### Saved entries
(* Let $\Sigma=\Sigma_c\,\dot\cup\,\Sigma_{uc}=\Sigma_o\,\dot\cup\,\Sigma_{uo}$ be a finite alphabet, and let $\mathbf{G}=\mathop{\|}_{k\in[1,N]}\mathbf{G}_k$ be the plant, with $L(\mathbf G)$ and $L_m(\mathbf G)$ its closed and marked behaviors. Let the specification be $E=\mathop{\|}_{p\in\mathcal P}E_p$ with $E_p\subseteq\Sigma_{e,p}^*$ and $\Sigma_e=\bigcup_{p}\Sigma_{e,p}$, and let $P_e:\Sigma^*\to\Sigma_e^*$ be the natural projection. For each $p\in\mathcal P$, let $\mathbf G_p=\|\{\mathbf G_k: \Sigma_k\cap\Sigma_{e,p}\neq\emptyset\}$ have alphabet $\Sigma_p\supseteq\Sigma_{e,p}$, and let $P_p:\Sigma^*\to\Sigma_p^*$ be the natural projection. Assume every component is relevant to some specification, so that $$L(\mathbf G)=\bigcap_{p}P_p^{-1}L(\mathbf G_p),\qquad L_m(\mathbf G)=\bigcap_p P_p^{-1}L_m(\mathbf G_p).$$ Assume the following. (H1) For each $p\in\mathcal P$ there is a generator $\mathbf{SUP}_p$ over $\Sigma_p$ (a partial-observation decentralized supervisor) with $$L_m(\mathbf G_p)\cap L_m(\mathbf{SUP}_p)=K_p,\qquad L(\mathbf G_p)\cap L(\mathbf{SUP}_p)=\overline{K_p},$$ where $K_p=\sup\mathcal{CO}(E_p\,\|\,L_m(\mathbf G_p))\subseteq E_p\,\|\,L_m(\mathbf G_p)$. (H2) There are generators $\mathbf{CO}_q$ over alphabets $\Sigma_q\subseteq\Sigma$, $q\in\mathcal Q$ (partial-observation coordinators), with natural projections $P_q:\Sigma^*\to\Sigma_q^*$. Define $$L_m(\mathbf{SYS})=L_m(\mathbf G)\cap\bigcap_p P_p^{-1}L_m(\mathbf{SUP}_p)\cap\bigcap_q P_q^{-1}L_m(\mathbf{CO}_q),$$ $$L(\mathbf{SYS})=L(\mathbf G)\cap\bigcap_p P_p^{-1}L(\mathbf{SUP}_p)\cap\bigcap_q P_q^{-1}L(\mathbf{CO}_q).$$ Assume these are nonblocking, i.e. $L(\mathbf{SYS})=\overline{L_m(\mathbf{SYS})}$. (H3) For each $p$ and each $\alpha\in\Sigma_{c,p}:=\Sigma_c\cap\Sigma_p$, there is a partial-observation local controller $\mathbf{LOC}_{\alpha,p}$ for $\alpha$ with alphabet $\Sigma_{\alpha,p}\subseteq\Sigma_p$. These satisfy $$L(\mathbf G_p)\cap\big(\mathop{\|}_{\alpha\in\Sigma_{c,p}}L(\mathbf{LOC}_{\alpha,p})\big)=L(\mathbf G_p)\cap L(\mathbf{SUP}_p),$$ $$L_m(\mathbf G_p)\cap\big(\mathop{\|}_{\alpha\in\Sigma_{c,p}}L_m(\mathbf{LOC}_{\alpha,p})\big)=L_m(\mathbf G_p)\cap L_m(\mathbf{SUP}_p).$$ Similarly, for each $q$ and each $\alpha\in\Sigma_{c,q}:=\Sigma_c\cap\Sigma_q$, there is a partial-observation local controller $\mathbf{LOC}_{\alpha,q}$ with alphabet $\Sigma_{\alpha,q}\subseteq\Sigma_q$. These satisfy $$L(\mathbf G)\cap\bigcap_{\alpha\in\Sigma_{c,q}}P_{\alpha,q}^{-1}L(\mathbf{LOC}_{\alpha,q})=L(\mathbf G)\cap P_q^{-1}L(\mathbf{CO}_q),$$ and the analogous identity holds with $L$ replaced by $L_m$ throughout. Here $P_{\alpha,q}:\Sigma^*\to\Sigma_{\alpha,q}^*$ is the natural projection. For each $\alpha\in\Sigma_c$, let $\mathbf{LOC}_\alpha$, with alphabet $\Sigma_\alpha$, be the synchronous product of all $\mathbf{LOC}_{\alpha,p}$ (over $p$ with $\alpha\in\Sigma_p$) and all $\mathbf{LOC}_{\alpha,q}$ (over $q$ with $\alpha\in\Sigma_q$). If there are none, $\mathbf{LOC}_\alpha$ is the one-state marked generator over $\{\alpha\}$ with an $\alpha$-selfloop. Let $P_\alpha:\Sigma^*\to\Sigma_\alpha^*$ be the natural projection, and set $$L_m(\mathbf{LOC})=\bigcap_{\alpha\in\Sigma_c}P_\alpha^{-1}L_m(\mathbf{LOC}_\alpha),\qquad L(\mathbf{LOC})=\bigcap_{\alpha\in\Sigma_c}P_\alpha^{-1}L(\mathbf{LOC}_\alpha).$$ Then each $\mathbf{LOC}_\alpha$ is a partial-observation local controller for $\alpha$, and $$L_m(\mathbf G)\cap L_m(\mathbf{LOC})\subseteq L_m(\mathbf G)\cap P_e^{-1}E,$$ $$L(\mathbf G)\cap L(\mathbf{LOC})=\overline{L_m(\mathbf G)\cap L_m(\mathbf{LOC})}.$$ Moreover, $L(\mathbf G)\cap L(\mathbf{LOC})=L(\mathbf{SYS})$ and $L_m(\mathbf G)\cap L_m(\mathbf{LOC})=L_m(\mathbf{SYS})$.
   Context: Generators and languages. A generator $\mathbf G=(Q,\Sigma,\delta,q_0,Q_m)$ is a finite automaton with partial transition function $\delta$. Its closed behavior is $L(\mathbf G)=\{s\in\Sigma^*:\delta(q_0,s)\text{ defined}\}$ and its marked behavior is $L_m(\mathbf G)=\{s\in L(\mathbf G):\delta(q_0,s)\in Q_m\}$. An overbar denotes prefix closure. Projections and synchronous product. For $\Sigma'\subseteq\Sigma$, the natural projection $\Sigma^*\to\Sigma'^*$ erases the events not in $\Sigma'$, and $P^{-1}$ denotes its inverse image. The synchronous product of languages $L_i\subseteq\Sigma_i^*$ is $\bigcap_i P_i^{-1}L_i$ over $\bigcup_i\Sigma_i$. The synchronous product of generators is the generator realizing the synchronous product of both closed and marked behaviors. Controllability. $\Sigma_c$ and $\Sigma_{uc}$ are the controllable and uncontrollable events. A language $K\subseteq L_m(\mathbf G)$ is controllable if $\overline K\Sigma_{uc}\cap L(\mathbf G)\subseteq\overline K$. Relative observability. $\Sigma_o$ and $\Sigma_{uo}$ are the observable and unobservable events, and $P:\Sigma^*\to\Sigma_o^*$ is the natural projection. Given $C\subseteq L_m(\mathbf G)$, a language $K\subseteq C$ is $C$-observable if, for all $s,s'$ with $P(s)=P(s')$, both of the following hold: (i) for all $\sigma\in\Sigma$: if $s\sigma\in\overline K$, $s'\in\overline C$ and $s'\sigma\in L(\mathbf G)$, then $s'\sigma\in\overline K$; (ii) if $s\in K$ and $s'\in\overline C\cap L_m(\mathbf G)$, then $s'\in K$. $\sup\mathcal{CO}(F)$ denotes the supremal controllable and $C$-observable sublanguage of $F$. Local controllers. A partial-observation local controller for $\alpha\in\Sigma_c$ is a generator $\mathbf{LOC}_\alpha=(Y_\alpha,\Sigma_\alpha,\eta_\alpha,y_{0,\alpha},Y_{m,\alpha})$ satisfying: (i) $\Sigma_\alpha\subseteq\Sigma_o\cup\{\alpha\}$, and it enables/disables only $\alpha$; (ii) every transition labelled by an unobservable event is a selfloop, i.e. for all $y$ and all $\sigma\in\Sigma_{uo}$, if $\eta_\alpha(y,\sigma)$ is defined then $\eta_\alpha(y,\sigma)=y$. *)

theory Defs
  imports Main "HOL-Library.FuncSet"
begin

* * *

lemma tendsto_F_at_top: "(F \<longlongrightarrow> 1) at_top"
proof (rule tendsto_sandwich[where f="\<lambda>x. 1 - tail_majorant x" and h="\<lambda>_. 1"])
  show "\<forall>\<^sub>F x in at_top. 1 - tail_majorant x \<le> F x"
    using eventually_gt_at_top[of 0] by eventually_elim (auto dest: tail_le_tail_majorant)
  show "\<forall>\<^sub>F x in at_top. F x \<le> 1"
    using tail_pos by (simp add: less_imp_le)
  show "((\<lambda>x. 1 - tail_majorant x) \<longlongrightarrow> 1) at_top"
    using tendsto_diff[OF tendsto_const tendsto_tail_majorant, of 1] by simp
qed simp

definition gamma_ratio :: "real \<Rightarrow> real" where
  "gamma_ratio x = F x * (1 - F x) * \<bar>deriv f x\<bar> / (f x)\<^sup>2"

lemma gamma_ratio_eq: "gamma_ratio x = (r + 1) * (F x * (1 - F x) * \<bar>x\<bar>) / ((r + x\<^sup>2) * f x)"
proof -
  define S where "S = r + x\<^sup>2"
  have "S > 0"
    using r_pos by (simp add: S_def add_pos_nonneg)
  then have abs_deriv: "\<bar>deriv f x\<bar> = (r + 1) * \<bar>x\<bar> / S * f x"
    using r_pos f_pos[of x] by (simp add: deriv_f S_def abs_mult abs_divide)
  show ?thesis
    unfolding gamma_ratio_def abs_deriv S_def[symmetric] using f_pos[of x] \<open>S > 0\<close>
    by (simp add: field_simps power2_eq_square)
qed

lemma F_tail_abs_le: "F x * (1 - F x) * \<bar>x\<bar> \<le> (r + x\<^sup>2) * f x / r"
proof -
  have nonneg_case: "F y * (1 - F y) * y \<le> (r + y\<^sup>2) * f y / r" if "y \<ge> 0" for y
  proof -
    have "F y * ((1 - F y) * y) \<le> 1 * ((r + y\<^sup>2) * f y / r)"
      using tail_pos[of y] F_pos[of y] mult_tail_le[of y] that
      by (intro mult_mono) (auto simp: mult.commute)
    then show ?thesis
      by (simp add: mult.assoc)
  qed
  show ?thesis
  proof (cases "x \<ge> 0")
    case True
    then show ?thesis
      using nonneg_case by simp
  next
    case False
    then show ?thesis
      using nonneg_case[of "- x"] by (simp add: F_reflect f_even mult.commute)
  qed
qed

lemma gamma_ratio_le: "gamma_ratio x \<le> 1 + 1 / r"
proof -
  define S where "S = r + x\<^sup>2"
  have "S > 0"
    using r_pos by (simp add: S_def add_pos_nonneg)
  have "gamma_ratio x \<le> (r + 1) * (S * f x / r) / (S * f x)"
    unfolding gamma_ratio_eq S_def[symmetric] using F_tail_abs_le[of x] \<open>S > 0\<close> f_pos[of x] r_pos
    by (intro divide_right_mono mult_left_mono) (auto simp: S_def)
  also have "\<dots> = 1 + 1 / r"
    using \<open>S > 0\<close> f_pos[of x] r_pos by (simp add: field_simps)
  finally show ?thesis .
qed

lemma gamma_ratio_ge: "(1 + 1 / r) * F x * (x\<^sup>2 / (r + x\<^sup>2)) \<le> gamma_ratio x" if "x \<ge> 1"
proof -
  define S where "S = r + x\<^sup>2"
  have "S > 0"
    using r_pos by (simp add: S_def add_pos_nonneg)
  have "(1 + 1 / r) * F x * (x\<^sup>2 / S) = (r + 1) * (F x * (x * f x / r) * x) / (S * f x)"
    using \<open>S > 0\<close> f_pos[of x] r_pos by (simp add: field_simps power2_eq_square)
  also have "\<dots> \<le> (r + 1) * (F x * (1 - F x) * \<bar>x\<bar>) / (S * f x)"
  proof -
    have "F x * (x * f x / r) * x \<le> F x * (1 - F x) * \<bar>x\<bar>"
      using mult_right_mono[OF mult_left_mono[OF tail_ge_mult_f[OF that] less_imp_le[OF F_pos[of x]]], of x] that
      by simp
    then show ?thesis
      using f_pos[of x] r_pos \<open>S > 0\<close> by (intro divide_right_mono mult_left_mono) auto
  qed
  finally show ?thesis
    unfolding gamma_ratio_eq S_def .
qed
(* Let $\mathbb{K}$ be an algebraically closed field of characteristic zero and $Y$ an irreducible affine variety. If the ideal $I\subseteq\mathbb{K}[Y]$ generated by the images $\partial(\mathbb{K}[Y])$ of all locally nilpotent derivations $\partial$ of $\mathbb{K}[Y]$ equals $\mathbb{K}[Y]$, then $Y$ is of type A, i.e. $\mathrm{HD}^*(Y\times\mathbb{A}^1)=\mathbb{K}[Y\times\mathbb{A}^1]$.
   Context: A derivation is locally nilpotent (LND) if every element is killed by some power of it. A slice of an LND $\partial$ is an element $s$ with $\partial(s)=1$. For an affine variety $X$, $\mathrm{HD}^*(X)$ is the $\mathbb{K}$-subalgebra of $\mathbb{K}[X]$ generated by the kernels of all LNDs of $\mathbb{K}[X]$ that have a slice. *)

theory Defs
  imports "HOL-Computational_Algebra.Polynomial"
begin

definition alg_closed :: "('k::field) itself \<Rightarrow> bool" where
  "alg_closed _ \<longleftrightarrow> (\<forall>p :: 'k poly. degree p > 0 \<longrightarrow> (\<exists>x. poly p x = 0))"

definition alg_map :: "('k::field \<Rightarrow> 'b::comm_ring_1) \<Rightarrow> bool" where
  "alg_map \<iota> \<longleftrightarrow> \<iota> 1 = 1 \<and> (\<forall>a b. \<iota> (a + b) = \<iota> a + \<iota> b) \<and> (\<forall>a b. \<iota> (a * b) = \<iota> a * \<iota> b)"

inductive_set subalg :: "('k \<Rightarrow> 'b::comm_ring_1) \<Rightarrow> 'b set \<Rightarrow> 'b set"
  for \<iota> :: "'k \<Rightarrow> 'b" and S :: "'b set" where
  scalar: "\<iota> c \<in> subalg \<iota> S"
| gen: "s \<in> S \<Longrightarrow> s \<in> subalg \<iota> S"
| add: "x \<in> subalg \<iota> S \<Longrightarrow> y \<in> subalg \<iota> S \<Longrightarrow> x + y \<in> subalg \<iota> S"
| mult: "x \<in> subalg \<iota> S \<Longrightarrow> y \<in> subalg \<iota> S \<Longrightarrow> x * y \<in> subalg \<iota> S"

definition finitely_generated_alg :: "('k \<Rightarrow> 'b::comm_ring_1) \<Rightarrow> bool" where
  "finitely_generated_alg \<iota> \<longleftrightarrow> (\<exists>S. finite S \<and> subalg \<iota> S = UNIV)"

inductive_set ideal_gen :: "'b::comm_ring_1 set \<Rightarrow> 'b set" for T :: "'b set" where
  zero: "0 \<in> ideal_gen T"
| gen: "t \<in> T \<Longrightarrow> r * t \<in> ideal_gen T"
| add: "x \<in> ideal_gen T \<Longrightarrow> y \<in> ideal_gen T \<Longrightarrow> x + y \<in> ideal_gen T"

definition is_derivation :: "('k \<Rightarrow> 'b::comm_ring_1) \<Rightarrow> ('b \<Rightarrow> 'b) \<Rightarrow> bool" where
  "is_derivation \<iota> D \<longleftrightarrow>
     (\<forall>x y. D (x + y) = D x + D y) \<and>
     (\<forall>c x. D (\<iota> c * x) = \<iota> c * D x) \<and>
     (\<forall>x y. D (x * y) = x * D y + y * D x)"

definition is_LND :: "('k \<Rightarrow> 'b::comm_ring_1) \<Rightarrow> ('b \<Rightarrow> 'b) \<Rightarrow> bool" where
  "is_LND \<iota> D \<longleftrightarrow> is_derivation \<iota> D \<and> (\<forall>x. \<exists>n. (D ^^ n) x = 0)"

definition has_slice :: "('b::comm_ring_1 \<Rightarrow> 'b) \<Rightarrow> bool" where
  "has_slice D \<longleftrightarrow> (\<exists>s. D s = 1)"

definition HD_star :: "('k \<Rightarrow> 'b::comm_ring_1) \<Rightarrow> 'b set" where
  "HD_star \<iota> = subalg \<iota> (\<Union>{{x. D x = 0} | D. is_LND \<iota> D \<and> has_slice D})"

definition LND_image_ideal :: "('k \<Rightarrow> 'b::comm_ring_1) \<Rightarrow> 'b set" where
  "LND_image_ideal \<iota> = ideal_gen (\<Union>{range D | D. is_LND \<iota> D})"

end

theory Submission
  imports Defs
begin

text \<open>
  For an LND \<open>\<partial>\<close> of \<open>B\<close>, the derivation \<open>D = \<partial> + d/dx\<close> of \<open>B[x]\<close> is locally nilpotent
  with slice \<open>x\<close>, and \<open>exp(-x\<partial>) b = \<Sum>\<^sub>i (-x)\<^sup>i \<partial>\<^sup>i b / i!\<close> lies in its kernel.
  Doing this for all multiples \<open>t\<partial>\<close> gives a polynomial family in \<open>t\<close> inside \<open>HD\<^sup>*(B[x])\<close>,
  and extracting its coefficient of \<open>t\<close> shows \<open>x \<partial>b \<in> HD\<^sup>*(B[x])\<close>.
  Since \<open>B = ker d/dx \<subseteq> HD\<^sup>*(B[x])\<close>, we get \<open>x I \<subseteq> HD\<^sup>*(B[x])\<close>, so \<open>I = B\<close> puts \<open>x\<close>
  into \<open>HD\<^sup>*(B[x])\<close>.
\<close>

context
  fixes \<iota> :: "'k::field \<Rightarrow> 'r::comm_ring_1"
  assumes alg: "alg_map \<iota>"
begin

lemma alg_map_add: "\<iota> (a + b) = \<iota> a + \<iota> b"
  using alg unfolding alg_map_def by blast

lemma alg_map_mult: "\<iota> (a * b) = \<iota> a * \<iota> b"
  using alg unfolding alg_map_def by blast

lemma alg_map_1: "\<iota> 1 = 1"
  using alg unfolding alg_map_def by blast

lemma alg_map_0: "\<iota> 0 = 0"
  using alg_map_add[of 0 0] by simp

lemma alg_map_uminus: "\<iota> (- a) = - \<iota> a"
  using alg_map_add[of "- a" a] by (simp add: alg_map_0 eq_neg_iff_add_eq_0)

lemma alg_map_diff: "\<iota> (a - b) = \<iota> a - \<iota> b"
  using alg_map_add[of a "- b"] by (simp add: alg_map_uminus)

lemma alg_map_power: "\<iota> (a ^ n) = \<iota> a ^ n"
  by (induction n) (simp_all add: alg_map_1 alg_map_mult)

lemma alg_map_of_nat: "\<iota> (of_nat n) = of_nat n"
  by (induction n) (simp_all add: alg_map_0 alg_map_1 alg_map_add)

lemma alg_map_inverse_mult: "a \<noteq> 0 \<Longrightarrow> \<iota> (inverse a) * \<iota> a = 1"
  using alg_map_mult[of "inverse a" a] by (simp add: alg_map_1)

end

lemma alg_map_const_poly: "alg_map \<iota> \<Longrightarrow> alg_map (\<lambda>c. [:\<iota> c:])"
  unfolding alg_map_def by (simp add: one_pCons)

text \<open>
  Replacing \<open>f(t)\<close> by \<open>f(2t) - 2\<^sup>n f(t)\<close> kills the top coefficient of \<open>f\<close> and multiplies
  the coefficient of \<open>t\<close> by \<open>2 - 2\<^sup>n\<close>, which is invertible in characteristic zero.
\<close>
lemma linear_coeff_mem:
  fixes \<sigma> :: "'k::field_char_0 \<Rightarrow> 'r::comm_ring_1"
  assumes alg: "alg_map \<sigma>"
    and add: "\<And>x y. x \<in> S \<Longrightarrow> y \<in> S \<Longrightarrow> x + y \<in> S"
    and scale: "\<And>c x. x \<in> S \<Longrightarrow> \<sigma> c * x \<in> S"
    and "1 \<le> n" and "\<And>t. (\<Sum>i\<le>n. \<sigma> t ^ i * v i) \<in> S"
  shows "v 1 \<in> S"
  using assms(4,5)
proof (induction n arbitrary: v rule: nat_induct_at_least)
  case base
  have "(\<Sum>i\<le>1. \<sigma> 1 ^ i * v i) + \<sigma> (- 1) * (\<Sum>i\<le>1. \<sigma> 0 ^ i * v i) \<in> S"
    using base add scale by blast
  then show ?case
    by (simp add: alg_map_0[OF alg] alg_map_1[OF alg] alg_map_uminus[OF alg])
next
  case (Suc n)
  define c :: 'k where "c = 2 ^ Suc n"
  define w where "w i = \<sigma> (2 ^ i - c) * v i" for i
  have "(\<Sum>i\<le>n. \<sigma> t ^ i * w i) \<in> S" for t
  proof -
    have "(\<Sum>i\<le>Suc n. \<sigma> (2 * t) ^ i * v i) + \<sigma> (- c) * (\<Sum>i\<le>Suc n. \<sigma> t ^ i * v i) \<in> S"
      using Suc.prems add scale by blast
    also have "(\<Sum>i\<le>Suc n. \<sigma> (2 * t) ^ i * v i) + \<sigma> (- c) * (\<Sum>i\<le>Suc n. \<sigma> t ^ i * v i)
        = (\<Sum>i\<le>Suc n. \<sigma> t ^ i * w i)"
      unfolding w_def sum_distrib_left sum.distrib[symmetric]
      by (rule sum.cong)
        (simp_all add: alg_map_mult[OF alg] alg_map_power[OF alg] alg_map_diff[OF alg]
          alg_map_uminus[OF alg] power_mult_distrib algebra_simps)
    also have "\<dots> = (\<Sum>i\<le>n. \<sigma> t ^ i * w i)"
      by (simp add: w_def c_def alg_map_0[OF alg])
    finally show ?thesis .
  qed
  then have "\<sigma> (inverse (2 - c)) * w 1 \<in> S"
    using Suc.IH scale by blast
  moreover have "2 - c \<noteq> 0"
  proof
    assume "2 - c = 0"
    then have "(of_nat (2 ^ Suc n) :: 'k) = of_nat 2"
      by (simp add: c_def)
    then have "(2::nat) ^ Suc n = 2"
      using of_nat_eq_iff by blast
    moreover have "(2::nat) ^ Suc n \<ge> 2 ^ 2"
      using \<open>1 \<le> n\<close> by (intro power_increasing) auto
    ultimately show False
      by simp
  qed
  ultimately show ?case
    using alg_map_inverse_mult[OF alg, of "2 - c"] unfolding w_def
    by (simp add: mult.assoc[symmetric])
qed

==

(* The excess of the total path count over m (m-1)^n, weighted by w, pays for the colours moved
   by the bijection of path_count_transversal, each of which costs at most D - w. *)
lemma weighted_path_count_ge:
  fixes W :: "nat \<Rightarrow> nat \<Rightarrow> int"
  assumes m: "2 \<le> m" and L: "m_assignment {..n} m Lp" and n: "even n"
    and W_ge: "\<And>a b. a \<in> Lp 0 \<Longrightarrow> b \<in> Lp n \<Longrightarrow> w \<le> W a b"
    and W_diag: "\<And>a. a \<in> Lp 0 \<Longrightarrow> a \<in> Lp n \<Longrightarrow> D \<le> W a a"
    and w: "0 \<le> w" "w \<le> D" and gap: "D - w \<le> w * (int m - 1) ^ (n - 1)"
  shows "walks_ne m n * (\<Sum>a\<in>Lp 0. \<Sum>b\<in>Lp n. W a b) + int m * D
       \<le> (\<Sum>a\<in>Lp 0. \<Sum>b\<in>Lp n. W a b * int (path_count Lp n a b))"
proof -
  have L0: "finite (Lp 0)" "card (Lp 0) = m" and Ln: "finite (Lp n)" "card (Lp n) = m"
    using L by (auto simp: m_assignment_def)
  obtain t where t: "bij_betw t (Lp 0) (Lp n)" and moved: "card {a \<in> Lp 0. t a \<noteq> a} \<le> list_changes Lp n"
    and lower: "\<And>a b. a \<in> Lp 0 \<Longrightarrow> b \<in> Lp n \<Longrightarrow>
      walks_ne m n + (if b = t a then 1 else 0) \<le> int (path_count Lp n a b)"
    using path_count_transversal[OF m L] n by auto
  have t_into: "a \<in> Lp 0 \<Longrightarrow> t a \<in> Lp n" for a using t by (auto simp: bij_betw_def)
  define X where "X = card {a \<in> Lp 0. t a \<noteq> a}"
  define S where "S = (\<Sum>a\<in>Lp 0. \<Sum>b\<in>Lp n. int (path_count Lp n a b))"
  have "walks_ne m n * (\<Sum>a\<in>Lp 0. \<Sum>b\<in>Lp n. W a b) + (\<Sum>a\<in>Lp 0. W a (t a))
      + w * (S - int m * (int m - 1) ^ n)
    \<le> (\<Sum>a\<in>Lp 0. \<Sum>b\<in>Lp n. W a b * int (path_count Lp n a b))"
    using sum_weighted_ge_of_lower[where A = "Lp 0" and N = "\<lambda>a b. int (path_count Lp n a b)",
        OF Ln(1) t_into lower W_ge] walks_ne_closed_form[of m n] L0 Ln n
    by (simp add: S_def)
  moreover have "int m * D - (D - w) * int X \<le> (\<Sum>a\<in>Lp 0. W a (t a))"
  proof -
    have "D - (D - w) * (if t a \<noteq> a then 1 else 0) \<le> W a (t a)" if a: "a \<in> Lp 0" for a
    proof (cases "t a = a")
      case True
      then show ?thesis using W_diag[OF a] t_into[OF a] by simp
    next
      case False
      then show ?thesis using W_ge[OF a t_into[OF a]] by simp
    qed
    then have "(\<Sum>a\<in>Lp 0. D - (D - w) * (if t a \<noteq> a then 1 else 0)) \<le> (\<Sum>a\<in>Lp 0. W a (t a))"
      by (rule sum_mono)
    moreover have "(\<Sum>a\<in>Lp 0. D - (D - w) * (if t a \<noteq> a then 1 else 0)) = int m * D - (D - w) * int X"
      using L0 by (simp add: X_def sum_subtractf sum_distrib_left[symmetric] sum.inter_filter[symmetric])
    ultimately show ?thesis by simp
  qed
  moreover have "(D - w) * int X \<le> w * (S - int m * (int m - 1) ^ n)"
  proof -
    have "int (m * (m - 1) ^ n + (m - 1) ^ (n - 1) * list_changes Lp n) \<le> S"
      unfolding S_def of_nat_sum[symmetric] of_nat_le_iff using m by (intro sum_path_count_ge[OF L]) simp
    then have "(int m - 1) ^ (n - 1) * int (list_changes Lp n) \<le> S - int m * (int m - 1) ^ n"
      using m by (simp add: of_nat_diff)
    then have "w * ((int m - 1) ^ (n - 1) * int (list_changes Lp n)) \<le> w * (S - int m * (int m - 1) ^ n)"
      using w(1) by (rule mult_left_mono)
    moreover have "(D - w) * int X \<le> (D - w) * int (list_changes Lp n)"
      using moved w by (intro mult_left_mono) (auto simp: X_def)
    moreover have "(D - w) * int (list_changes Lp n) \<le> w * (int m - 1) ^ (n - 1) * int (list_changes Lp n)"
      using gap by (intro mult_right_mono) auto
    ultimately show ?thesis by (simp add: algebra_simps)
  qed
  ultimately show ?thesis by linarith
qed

### Directions for this task
In the data above, copy every line where the string "assoc" appears.

### Result
      by (simp add: mult.assoc)
    by (simp add: mult.assoc[symmetric])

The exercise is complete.